Kurt v. Cox

165 P. 827, 101 Kan. 54, 1917 Kan. LEXIS 15
CourtSupreme Court of Kansas
DecidedJune 9, 1917
DocketNo. 20,706
StatusPublished
Cited by4 cases

This text of 165 P. 827 (Kurt v. Cox) is published on Counsel Stack Legal Research, covering Supreme Court of Kansas primary law. Counsel Stack provides free access to over 12 million legal documents including statutes, case law, regulations, and constitutions.

Bluebook
Kurt v. Cox, 165 P. 827, 101 Kan. 54, 1917 Kan. LEXIS 15 (kan 1917).

Opinion

The opinion of the court was delivered by

Johnston, C. J.:

In this action the plaintiffs, A. A. Kurt and F. C. Kurt, asked a recovery of damages as against Clinton Y. Cox, Tipton Cox, F. M. Newcom, Tom Mott, F. M. Hamilton and Lawrence Bowers for misrepresentations and fraud in the exchange of a stock of goods for a tract ‘of land. Plaintiffs entered into an agreement with Clinton Cox whereby they traded their stock of merchandise, valued at about $14,-000, for 9,60 acres of land in Oklahoma and for $4000 cash, [55]*55plaintiffs giving back a note for $2060, secured by a mortgage on the land. A. A. Kurt acted for both plaintiffs. Prior to coming to any agreement of exchange Kurt had hesitated about going further in the transaction because he had not seen the land, and Cox told him that he himeslf had not seen the land but that his father, Tipton Cox, had seen it. According to Kurt’s testimony, Cox in the final negotiations stated and agreed to guarantee the good quality of the land, and Kurt was finally prevailed upon to make the trade without seeing the land. Shortly after consummating the deal plaintiffs discovered that the land was practically worthless, and was located on top of a mountain. They then brought this action to recover damages'resulting from the fraud practiced upon them by Clinton Cox, and others assisting him, in bringing about the exchange. It was claimed that Boyd Neweom and Tom Mott, real-estate brokers employed by Kurt, cooperated with Cox in the fraud, and F. M. Hamilton, an agent acting for Cox, Tipton Cox, who advised the younger Cox as to the value of the stock to be purchased, and Lawrence Bowers, through whom the title to the Oklahoma land was transferred, were also joined as defendants.

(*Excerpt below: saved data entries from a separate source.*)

text \<open>The main theorem: the bounds of UT_central_image applied to the projection.  The
  hypotheses n \<ge> 3 and m \<ge> 2 only ensure that the statements are not vacuous.\<close>

theorem mainTheorem1:
  fixes n m :: nat
  assumes "n \<ge> 3" and "m \<ge> 2"
  defines "F \<equiv> free_grp n"
  shows
    "(\<forall>i j. 1 \<le> i \<and> i < j - 1 \<and> j - 1 \<le> n - 2 \<longrightarrow>
        group.ord (Q n m) (proj n m (comm F (gen i) (gen j))) dvd m)
   \<and> (\<forall>i. 1 \<le> i \<and> i \<le> n - 2 \<longrightarrow>
        group.ord (Q n m) (proj n m (comm F (comm F (gen i) (gen (i+1))) (gen i))) dvd m
      \<and> group.ord (Q n m)
          (proj n m (comm F (comm F (gen i) (gen (i+1))) (gen i \<otimes>\<^bsub>F\<^esub> inv\<^bsub>F\<^esub> gen (i+1))))
          dvd gcd m (m choose 2))
   \<and> (\<forall>i. 1 \<le> i \<and> i \<le> n - 3 \<longrightarrow>
        group.ord (Q n m)
          (proj n m (comm F (comm F (gen i) (gen (i+1))) (comm F (gen (i+1)) (gen (i+2)))))
          dvd gcd 2 m)"
proof -
  interpret UT_central_image n m "Q n m" "proj n m"
    by (rule projection_is_UT_central_image)
  show ?thesis
    unfolding F_def
    using order_far_comm order_comm_comm_gen order_comm_comm_mult_inv order_comm_comm_adjacent
    by blast
qed

end
text \<open>Coefficients that do not matter in the end are only asserted to exist.\<close>

lemma gssss_eq:
  assumes s: "\<sigma> \<in> S"
  shows "\<exists>e'. ps (ps (ps (ps g))) t \<sigma> =
    (2 * (inner (ps (ps g) t \<sigma>) (ps (ps (ps g)) t \<sigma>) / norm (ps (ps g) t \<sigma>))) *\<^sub>R ps (I1 g) t \<sigma>
    + e' *\<^sub>R I1 g t \<sigma> + norm (ps (ps g) t \<sigma>) *\<^sub>R ps (ps (I1 g)) t \<sigma>"
proof -
  define e where "e \<sigma> = inner (ps (ps g) t \<sigma>) (ps (ps (ps g)) t \<sigma>) / norm (ps (ps g) t \<sigma>)" for \<sigma>
  have "e differentiable (at \<sigma>)"
    unfolding e_def using gss_norm_pos[OF s]
    by (intro differentiable_divide differentiable_inner gss_norm_differentiable[OF s]
        differentiableI_vector[OF gss_has_derivative[OF s]]
        differentiableI_vector[OF gsss_has_derivative[OF s]]) auto
  then have "(e has_vector_derivative vector_derivative e (at \<sigma>)) (at \<sigma>)"
    using vector_derivative_works by blast
  then have d: "((\<lambda>\<sigma>. e \<sigma> *\<^sub>R I1 g t \<sigma> + norm (ps (ps g) t \<sigma>) *\<^sub>R ps (I1 g) t \<sigma>) has_vector_derivative
      (e \<sigma> *\<^sub>R ps (I1 g) t \<sigma> + vector_derivative e (at \<sigma>) *\<^sub>R I1 g t \<sigma>)
      + (norm (ps (ps g) t \<sigma>) *\<^sub>R ps (ps (I1 g)) t \<sigma> + e \<sigma> *\<^sub>R ps (I1 g) t \<sigma>)) (at \<sigma>)"
    using gss_norm_has_derivative[OF s, folded e_def] I1_has_derivative[OF s] ps_I1_has_derivative[OF s]
    by (intro has_vector_derivative_add has_vector_derivative_scaleR)
      (simp_all add: has_real_derivative_iff_has_vector_derivative)
  have gsss: "\<And>\<sigma>. \<sigma> \<in> S \<Longrightarrow>
      ps (ps (ps g)) t \<sigma> = e \<sigma> *\<^sub>R I1 g t \<sigma> + norm (ps (ps g) t \<sigma>) *\<^sub>R ps (I1 g) t \<sigma>"
    unfolding e_def by (rule gsss_eq)
  have "ps (ps (ps (ps g))) t \<sigma> = (e \<sigma> *\<^sub>R ps (I1 g) t \<sigma> + vector_derivative e (at \<sigma>) *\<^sub>R I1 g t \<sigma>)
      + (norm (ps (ps g) t \<sigma>) *\<^sub>R ps (ps (I1 g)) t \<sigma> + e \<sigma> *\<^sub>R ps (I1 g) t \<sigma>)"
    by (rule has_vector_derivative_eq_on_open[OF S(1) s gsss gsss_has_derivative[OF s] d])
  moreover have "(2 * e \<sigma>) *\<^sub>R ps (I1 g) t \<sigma> = e \<sigma> *\<^sub>R ps (I1 g) t \<sigma> + e \<sigma> *\<^sub>R ps (I1 g) t \<sigma>"
    by (metis scaleR_2 scaleR_scaleR)
  ultimately show ?thesis
    unfolding e_def[symmetric]
    by (intro exI[of _ "vector_derivative e (at \<sigma>)"]) (simp add: algebra_simps)
qed
lemma descent:
  assumes "p \<in> S" "q \<in> S"
  shows "L q \<le> L p + inner (emp_grad l N x p) (q - p) + K / 2 * (norm (q - p))\<^sup>2"
proof -
  have "L q \<le> L p + inner (emp_grad l N x p) (q - p) + H * (sigma_max N x)\<^sup>2 / N / 2 * (norm (q - p))\<^sup>2"
    by (rule emp_loss_descent[OF l_DERIV lipschitz assms])
  also have "\<dots> \<le> L p + inner (emp_grad l N x p) (q - p) + K / 2 * (norm (q - p))\<^sup>2"
    using smoothness_le_K by (intro add_left_mono mult_right_mono) auto
  finally show ?thesis .
qed

lemma step_model_le_energy:
  assumes "1 \<le> t"
  shows "L (w t) + inner (emp_grad l N x (w t)) (w (t + 1) - w t) + K / 2 * (norm (w (t + 1) - w t))\<^sup>2
           + (c + \<rho>) * (norm (m t))\<^sup>2 \<le> energy t"
proof -
  have "(1 - \<beta>) *\<^sub>R emp_grad l N x (w t) = m t - \<beta> *\<^sub>R m (t - 1)"
    using momentum[OF assms] by simp
  from momentum_step_inequality[OF beta eta_pos this, of K]
  have "inner (emp_grad l N x (w t)) (w (t + 1) - w t) + K / 2 * (norm (w (t + 1) - w t))\<^sup>2
        \<le> c * ((norm (m (t - 1)))\<^sup>2 - (norm (m t))\<^sup>2) - \<rho> * (norm (m t))\<^sup>2"
    using update[OF assms] unfolding c_def \<rho>_def by simp
  then show ?thesis
    unfolding energy_def by (simp add: algebra_simps)
qed

lemma loss_le_energy: "L (w t) \<le> energy t"
  unfolding energy_def using c_nonneg by simp

text \<open>A boundary point of \<open>S\<close> can have energy at most \<open>L (w 1)\<close> only when the momentum
  vanishes and the data consist of a single point, so the step is a plain gradient step,
  which points into \<open>S\<close>.\<close>
lemma boundary_iterate_moves_inward:
  assumes t: "1 \<le> t" and energy: "energy t \<le> L (w 1)"
    and i: "i < N" and boundary: "inner (w t) (x i) = s0"
  shows "0 \<le> inner (w (t + 1) - w t) (x i)"
proof -
  have L_eq: "L (w t) = L (w 1)"
    using sublevel_le_if_margin_eq[OF i boundary] loss_le_energy[of t] energy by simp
  then have c_momentum: "c * (norm (m (t - 1)))\<^sup>2 \<le> 0"
    using energy unfolding energy_def by simp
  have no_momentum: "\<beta> *\<^sub>R m (t - 1) = 0"
  proof (cases "\<beta> = 0")
    case False
    then have "0 < c" unfolding c_def using beta eta_pos by simp
    with c_momentum have "(norm (m (t - 1)))\<^sup>2 \<le> 0" by (simp add: mult_le_0_iff)
    then show ?thesis by simp
  qed simp
  have N_eq: "N = 1"
  proof (rule ccontr)
    assume "N \<noteq> 1"
    define j where "j = (if i = 0 then 1 else 0 :: nat)"
    have j: "j < N" "j \<noteq> i" unfolding j_def using N_pos \<open>N \<noteq> 1\<close> by auto
    have "l (inner (w t) (x i)) + l (inner (w t) (x j)) = (\<Sum>k\<in>{i, j}. l (inner (w t) (x k)))"
      using j by simp
    also have "\<dots> \<le> (\<Sum>k<N. l (inner (w t) (x k)))"
      using i j l_pos by (intro sum_mono2) (auto intro: less_imp_le)
    also have "\<dots> = l (inner (w t) (x i))"
      unfolding N_emp_loss[symmetric] L_eq level[symmetric] boundary ..
    finally show False using l_pos[of "inner (w t) (x j)"] by simp
  qed
  with i have "i = 0" by simp
  have "m t = ((1 - \<beta>) * deriv l s0) *\<^sub>R x 0"
    using momentum[OF t] boundary unfolding no_momentum emp_grad_def N_eq \<open>i = 0\<close> by simp
  then have "w (t + 1) - w t = (- \<eta> * (1 - \<beta>) * deriv l s0) *\<^sub>R x 0"
    using update[OF t] by simp
  moreover have "0 \<le> - \<eta> * (1 - \<beta>) * deriv l s0"
    using eta_pos beta deriv_neg[of s0] by (simp add: mult_nonneg_nonpos less_imp_le)
  ultimately show ?thesis
    unfolding \<open>i = 0\<close> by (simp add: mult_nonpos_nonneg)
qed
lemma reachable_along_ends:
  assumes "reachable (along x y i)" "E x y" "i \<le> Suc r"
  shows "E\<^sup>*\<^sup>* v0 x \<and> E\<^sup>*\<^sup>* v0 y"
proof -
  have "F\<^sup>*\<^sup>* (Inl v0) (along x y i)"
    using assms(1) unfolding reachable_def .
  then show ?thesis
    using assms(2,3)
  proof (induction "along x y i" arbitrary: x y i rule: rtranclp_induct)
    case base
    then have "x \<in> {v0} \<or> y \<in> {v0}"
      using along_eq_ends[of i x y v0 v0 0] by simp
    then show ?case
      using rtranclp_edge_ends[of v0 v0 x y] base by auto
  next
    case (step p)
    obtain u v j where uv: "E u v" "j \<le> r" "p = along u v j" "along x y i = along u v (Suc j)"
      using step.hyps(2) by (rule subdiv_E_cases)
    then have "E\<^sup>*\<^sup>* v0 u \<and> E\<^sup>*\<^sup>* v0 v"
      using step.hyps(3) by simp
    moreover have "x \<in> {u, v} \<or> y \<in> {u, v}"
      using along_eq_ends[OF step.prems(2) uv(4)] .
    ultimately show ?case
      using rtranclp_edge_ends[OF _ step.prems(1)] by blast
  qed
qed

lemma wins_from_start:
  assumes IH: "shorter_trails_win m" and ws: "length ws = m" "trail ws"
  shows "cops_force F (last ws # map Inl cs0) (hd ws)"
proof (cases "length ws \<le> 2")
  case True
  then show ?thesis by (rule trail_short_caught[OF ws(2) _ cop_move_refl])
next
  case False
  then obtain a b rest where ws_eq: "ws = a # b # rest"
    by (metis Suc_le_length_iff nat_le_linear numeral_2_eq_2)
  have "F a b"
    using ws(2) unfolding trail_def ws_eq by simp
  then obtain x z i where xz: "E x z" "i \<le> r" "b = along x z i" "a = along x z (Suc i)"
    using subdiv_E_sym subdiv_E_cases by metis
  have arrival: "cops_force F (last ws' # map Inl cs0) (hd ws')"
    if "length ws' = m" "trail ws'" "heading ws' x z (Suc r)" for ws'
  proof (rule wins_at_branch[OF IH that free_cops_start cop_move_refl])
    show "z \<in> set cs0 \<or> (\<forall>w. E z w \<longrightarrow> reachable (along z w 1) \<longrightarrow> wins_entering m cs0 w)"
    proof (intro disjI2 allI impI)
      fix w assume "E z w" "reachable (along z w 1)"
      then have "E\<^sup>*\<^sup>* v0 w"
        using reachable_along_ends[of z w 1] r_pos by simp
      then show "wins_entering m cs0 w"
        using cs0_wins wins_entering_occupied[OF IH] wins_entering_if_cops_force[OF IH] by blast
    qed
  qed
  have "heading ws x z (Suc i)"
    using ws_eq xz unfolding heading_def by simp
  then show ?thesis
    using travel_edge[OF IH xz(1), where fr="\<lambda>_. map Inl cs0" and i="Suc i" and ws=ws]
      arrival xz(2) ws free_cops_start
    by (simp add: cop_move_refl)
qed

lemma wins_gathering:
  assumes IH: "shorter_trails_win m"
  shows "length ws = m \<Longrightarrow> trail ws \<Longrightarrow> free_cops fs
    \<Longrightarrow> list_all2 (\<lambda>p t. \<exists>n\<le>N. (F ^^ n) p t) fs (map Inl cs0)
    \<Longrightarrow> cops_force F (last ws # fs) (hd ws)"
proof (induction N arbitrary: ws fs)
  case 0
  then have "fs = map Inl cs0"
    by (simp add: list.rel_eq)
  then show ?case
    using wins_from_start[OF IH] 0 by simp
next
  case (Suc N)
  obtain fs' where move: "cop_move F fs fs'"
    and closer: "list_all2 (\<lambda>p t. \<exists>n\<le>N. (F ^^ n) p t) fs' (map Inl cs0)"
    using cop_move_towards[OF Suc.prems(4)] by blast
  show ?case
  proof (rule chaser_round[OF _ Suc.prems(2,3) move])
    show "shorter_trails_win (length ws)"
      using IH Suc.prems(1) by simp
  next
    fix ws' assume "length ws' = length ws" "trail ws'" "free_cops fs'"
    then show "cops_force F (last ws' # fs') (hd ws')"
      using Suc.IH closer Suc.prems(1) by simp
  qed
qed

theorem chaser_wins:
  assumes "trail ws" "free_cops fs"
  shows "cops_force F (last ws # fs) (hd ws)"
  using assms
proof (induction "length ws" arbitrary: ws fs rule: less_induct)
  case less
  have IH: "shorter_trails_win (length ws)"
    unfolding shorter_trails_win_def using less.hyps by blast
  have "list_all2 (\<lambda>p t. \<exists>n. (F ^^ n) p t) fs (map Inl cs0)"
  proof (rule list_all2_all_nthI)
    show "length fs = length (map Inl cs0)"
      using less.prems(2) length_cs0 unfolding free_cops_def by simp
  next
    fix i assume i: "i < length fs"
    then have "reachable (fs ! i)" "reachable (map Inl cs0 ! i)"
      using less.prems(2) free_cops_start unfolding free_cops_def by simp_all
    then have "F\<^sup>*\<^sup>* (fs ! i) (map Inl cs0 ! i)"
      by (rule reachable_rtranclp)
    then show "\<exists>n. (F ^^ n) (fs ! i) (map Inl cs0 ! i)"
      by (rule rtranclp_imp_relpowp)
  qed
  from list_all2_ex_bound[where P="\<lambda>n. F ^^ n", OF this]
  obtain N where "list_all2 (\<lambda>p t. \<exists>n\<le>N. (F ^^ n) p t) fs (map Inl cs0)" ..
  then show ?case
    by (rule wins_gathering[OF IH refl less.prems])
qed

lemma cops_win_component:
  "cops_win (component F (Inl v0)) (restrict_edges F (component F (Inl v0))) (Suc k)"
proof -
  let ?D = "component F (Inl v0)"
  have start: "set (replicate (Suc k) (Inl v0)) \<subseteq> ?D"
    unfolding component_def by (simp add: set_replicate_conv_if)
  show ?thesis
    unfolding cops_win_def
  proof (intro exI[of _ "replicate (Suc k) (Inl v0)"] conjI ballI)
    fix rob assume rob: "rob \<in> ?D"
    then have "reachable rob"
      unfolding component_def reachable_def by simp
    moreover have "reachable (Inl v0)"
      unfolding reachable_def by simp
    ultimately have "F\<^sup>*\<^sup>* rob (Inl v0)"
      by (rule reachable_rtranclp)
    then obtain ws where ws: "ws \<noteq> []" "hd ws = rob" "last ws = Inl v0" "successively F ws"
      using rtranclp_imp_successively by metis
    then have "trail ws"
      using \<open>reachable rob\<close> unfolding trail_def by simp
    moreover have "free_cops (replicate k (Inl v0))"
      unfolding free_cops_def reachable_def by simp
    ultimately have "cops_force F (last ws # replicate k (Inl v0)) (hd ws)"
      by (rule chaser_wins)
    then have "cops_force F (replicate (Suc k) (Inl v0)) rob"
      using ws by simp
    then have "cops_force (restrict_edges F ?D) (replicate (Suc k) (Inl v0)) rob"
      using start rob by (rule cops_force_restrict) (erule component_closed)
    then show "rob \<in> set (replicate (Suc k) (Inl v0))
        \<or> cops_force (restrict_edges F ?D) (replicate (Suc k) (Inl v0)) rob" ..
  qed (use start in simp_all)
qed

end

context subdivision begin

lemma components_subdiv:
  assumes "\<And>x y. E x y \<Longrightarrow> x \<in> V" and "C \<in> components (subdiv_V r V E) F"
  obtains v0 where "v0 \<in> V" "C = component F (Inl v0)"
proof -
  obtain p where p: "p \<in> subdiv_V r V E" "C = component F p"
    using assms(2) unfolding components_def by blast
  obtain v0 where "v0 \<in> V" "F\<^sup>*\<^sup>* (Inl v0) p"
  proof -
    from p(1) consider u where "u \<in> V" "p = Inl u"
      | u v i where "E u v" "1 \<le> i" "i \<le> r" "p = Inr (sd_vertex r u v i)"
      unfolding subdiv_V_def by blast
    then show ?thesis
    proof cases
      case (2 u v i)
      then have "p = along u v i"
        by (simp add: along_interior)
      then show ?thesis
        using that[of u] assms(1) 2(1) rtranclp_along by blast
    qed (use that in blast)
  qed
  then show ?thesis
    using that p(2) component_eq[OF symp_subdiv_E] by metis
qed
lemma diff_subset_sums_of_plus_minus:
  fixes N t :: int
  assumes "\<forall>c\<in>#P. c mod N = t mod N \<or> c mod N = (-t) mod N" "D1 \<subseteq># P" "D2 \<subseteq># P"
  obtains i where "\<bar>i\<bar> \<le> int (size P)" "(sum_mset D1 - sum_mset D2) mod N = (i * t) mod N"
proof -
  let ?p = "\<lambda>D. int (size (filter_mset (\<lambda>c. c mod N = t mod N) D))"
  let ?q = "\<lambda>D. int (size (filter_mset (\<lambda>c. c mod N \<noteq> t mod N) D))"
  define i where "i = (?p D1 - ?q D1) - (?p D2 - ?q D2)"
  have bound: "?p D \<le> ?p P" "?q D \<le> ?q P" if "D \<subseteq># P" for D
    using that by (simp_all add: size_mset_mono multiset_filter_mono)
  have "?p P + ?q P = int (size P)"
    by (simp only: of_nat_add[symmetric] size_union[symmetric] multiset_partition[symmetric])
  then have "\<bar>i\<bar> \<le> int (size P)"
    using bound[OF assms(2)] bound[OF assms(3)] unfolding i_def abs_le_iff by linarith
  moreover have "(sum_mset D1 - sum_mset D2) mod N = (i * t) mod N"
  proof -
    have "(sum_mset D1 - sum_mset D2) mod N = (sum_mset D1 mod N - sum_mset D2 mod N) mod N"
      by (simp add: mod_diff_eq)
    also have "\<dots> = (((?p D1 - ?q D1) * t) mod N - ((?p D2 - ?q D2) * t) mod N) mod N"
      using subset_sum_mod_of_plus_minus[OF assms(1)] assms(2,3) by simp
    also have "\<dots> = (i * t) mod N" unfolding i_def by (simp add: mod_diff_eq algebra_simps)
    finally show ?thesis .
  qed
  ultimately show ?thesis by (rule that)
qed

lemma res_abs_le_abs:
  assumes "N > 0"
  shows "res_abs N j \<le> \<bar>j\<bar>"
proof (cases "j \<ge> 0 \<or> j mod N = 0")
  case True
  then show ?thesis using assms zmod_le_nonneg_dividend[of j N] unfolding res_abs_def by auto
next
  case False
  then have "N - j mod N = (-j) mod N" by (simp add: zmod_zminus1_eq_if)
  moreover have "(-j) mod N \<le> -j" using False assms by (simp add: zmod_le_nonneg_dividend)
  ultimately show ?thesis using False unfolding res_abs_def by simp
qed

lemma two_le_res_abs:
  assumes "N > 0" "j mod N \<notin> {0, 1, N - 1}"
  shows "2 \<le> res_abs N j"
  using assms pos_mod_bound[of N j] pos_mod_sign[of N j] unfolding res_abs_def by fastforce

lemma type1_compressible_of_plus_minus:
  fixes l t x :: int
  assumes l: "(l * t) mod 2^(k+1) = 1" and "P \<noteq> {#}"
    and pm: "\<forall>c\<in>#P. c mod 2^(k+1) = t mod 2^(k+1) \<or> c mod 2^(k+1) = (-t) mod 2^(k+1)"
    and x: "2 \<le> res_abs (2^(k+1)) (l * x)" "res_abs (2^(k+1)) (l * x) \<le> int (size P)"
  shows "type1_compressible k (scale_res k l (add_mset x P))"
proof -
  let ?N = "2^(k+1) :: int"
  let ?unit = "\<lambda>d. d mod ?N = 1 \<or> d mod ?N = (-1) mod ?N"
  have "?unit ((l * c) mod ?N)" if "c \<in># P" for c
  proof -
    have "c mod ?N = t mod ?N \<or> c mod ?N = (-t) mod ?N" using pm that by blast
    then have "(l * c) mod ?N = (l * t) mod ?N \<or> (l * c) mod ?N = (l * (-t)) mod ?N"
      using mod_mult_cong[OF refl, where a = l] by blast
    moreover have "(l * (-t)) mod ?N = (-1) mod ?N"
      using l mod_minus_eq[of "l * t" ?N] by simp
    ultimately show ?thesis using l by auto
  qed
  then have "filter_mset ?unit (image_mset (\<lambda>c. (l * c) mod ?N) P) = image_mset (\<lambda>c. (l * c) mod ?N) P"
    by (simp add: filter_mset_eq_conv)
  then have "size P \<le> size (filter_mset ?unit (scale_res k l (add_mset x P)))"
    unfolding scale_res_def by simp
  moreover have "(l * x) mod ?N \<in># scale_res k l (add_mset x P)" unfolding scale_res_def by simp
  moreover have "res_abs ?N ((l * x) mod ?N) = res_abs ?N (l * x)" unfolding res_abs_def by simp
  moreover have "0 < size P" using \<open>P \<noteq> {#}\<close> by (simp add: nonempty_has_size)
  ultimately show ?thesis
    unfolding type1_compressible_def using x by (intro exI[of _ "size P"] conjI bexI[of _ "(l * x) mod ?N"]) simp_all
qed
lemma has_sum_layers_diagonal:
  fixes q :: real
  assumes q: "1 < q" and \<nu>: "a \<le> 2" "b \<le> 2" "c \<le> 2"
  defines "x \<equiv> 1 / q"
  shows "((\<lambda>s. pow_increment q s * (x ^ (s - a) / (1 - x) * (x ^ (s - b) / (1 - x) * (x ^ (s - c) / (1 - x)))))
     has_sum (1 / (1 - x) ^ 3 + (q - 1) * x ^ ((1 - a) + (1 - b) + (1 - c)) / (1 - x) ^ 3
              + q ^ (a + b + c) * x ^ 4 / ((1 - x) ^ 2 * (1 - x ^ 2)))) UNIV"
    (is "((\<lambda>s. ?L s) has_sum _) UNIV")
proof -
  have x: "0 \<le> x" "x < 1"
    using q by (auto simp: x_def)
  have tail: "?L (t + 2) = q ^ (a + b + c) / (1 - x) ^ 2 * (x ^ 2) ^ (t + 2)" for t
    unfolding x_def by (rule pow_increment_layer_diagonal[OF q \<nu>])
  have "x ^ 2 < 1" using x by (simp add: power_less_one_iff)
  then have "(\<lambda>t. (x ^ 2) ^ t) sums (1 / (1 - x ^ 2))"
    by (intro geometric_sums) (use x in auto)
  from sums_mult[OF this, of "q ^ (a + b + c) / (1 - x) ^ 2 * (x ^ 2) ^ 2"]
  have "(\<lambda>t. ?L (t + 2)) sums (q ^ (a + b + c) * x ^ 4 / ((1 - x) ^ 2 * (1 - x ^ 2)))"
    unfolding tail power_add[of "x ^ 2"] by (simp add: mult_ac flip: power_mult)
  then have "(\<lambda>s. ?L s) sums (q ^ (a + b + c) * x ^ 4 / ((1 - x) ^ 2 * (1 - x ^ 2)) + (\<Sum>s<2. ?L s))"
    by (subst sums_iff_shift[symmetric])
  moreover have "(\<Sum>s<2. ?L s) = 1 / (1 - x) ^ 3 + (q - 1) * x ^ ((1 - a) + (1 - b) + (1 - c)) / (1 - x) ^ 3"
    by (simp add: numeral_2_eq_2 power3_eq_cube power_add mult.assoc)
  ultimately have "(\<lambda>s. ?L s) sums (1 / (1 - x) ^ 3 + (q - 1) * x ^ ((1 - a) + (1 - b) + (1 - c)) / (1 - x) ^ 3
              + q ^ (a + b + c) * x ^ 4 / ((1 - x) ^ 2 * (1 - x ^ 2)))"
    by (simp add: algebra_simps)
  then show ?thesis
    by (rule sums_nonneg_imp_has_sum)
       (use pow_increment_nonneg[of q] q x in \<open>auto intro!: mult_nonneg_nonneg divide_nonneg_pos\<close>)
qed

The case was tried three times, and in the final trial the only defendants involved were Neweom, Mott and Clinton Cox. Plaintiffs secured judgment against Clinton Cox only, for the sum of $4750, and Cox appeals.

He contends that the evidence did not sustain the charge of fraud nor the findings and verdict of the jury. It is insisted that it was not shown that Clinton Cox made any representations to Kurt as to the quality and character of the land, nor that he had knowledge that the representations made were untrue. There was evidence introduced that several days before the exchange Clinton Cox, under án assumed name, had gone to Herington, where plaintiffs’ stock of merchandise was located, and made an examination of it, and had also had his father, Tipton Cox, who was experienced in such matters, examine it and give his judgment upon its value. Kurt testified that during the negotiations for the trade he was told that as the Coxes were reliable people and were willing to guarantee the land he ought to be willing to exchange his stock for it without waiting to look at it, and that Clinton Cox not only [56]*56did guarantee the quality of the land, but at the final meeting he signed a paper describing it and guaranteeing it to be good tillable land, with good growth of grass and about one-third covered with a good quality of timber, this statement being in substantial accord with the oral representations that had been made. ' It was testified that the written guarantee was turned over to one of the defendants’ agents to keep, and that the plaintiffs had not been able to get possession of it since. Plaintiffs were unable to get possession of the abstract of title to the land until several weeks after the exchange had been effected, and it was then discovered that on the day of the exchange Tipton Cox, in whom the title had stood, had transferred it to Lawrence Bowers, who was an employee in the Cox store and not a man of means; that the land was cheap government land which had never as yet been fully paid for, and that Tipton Cox had bought it at the price of $2.50 an acre.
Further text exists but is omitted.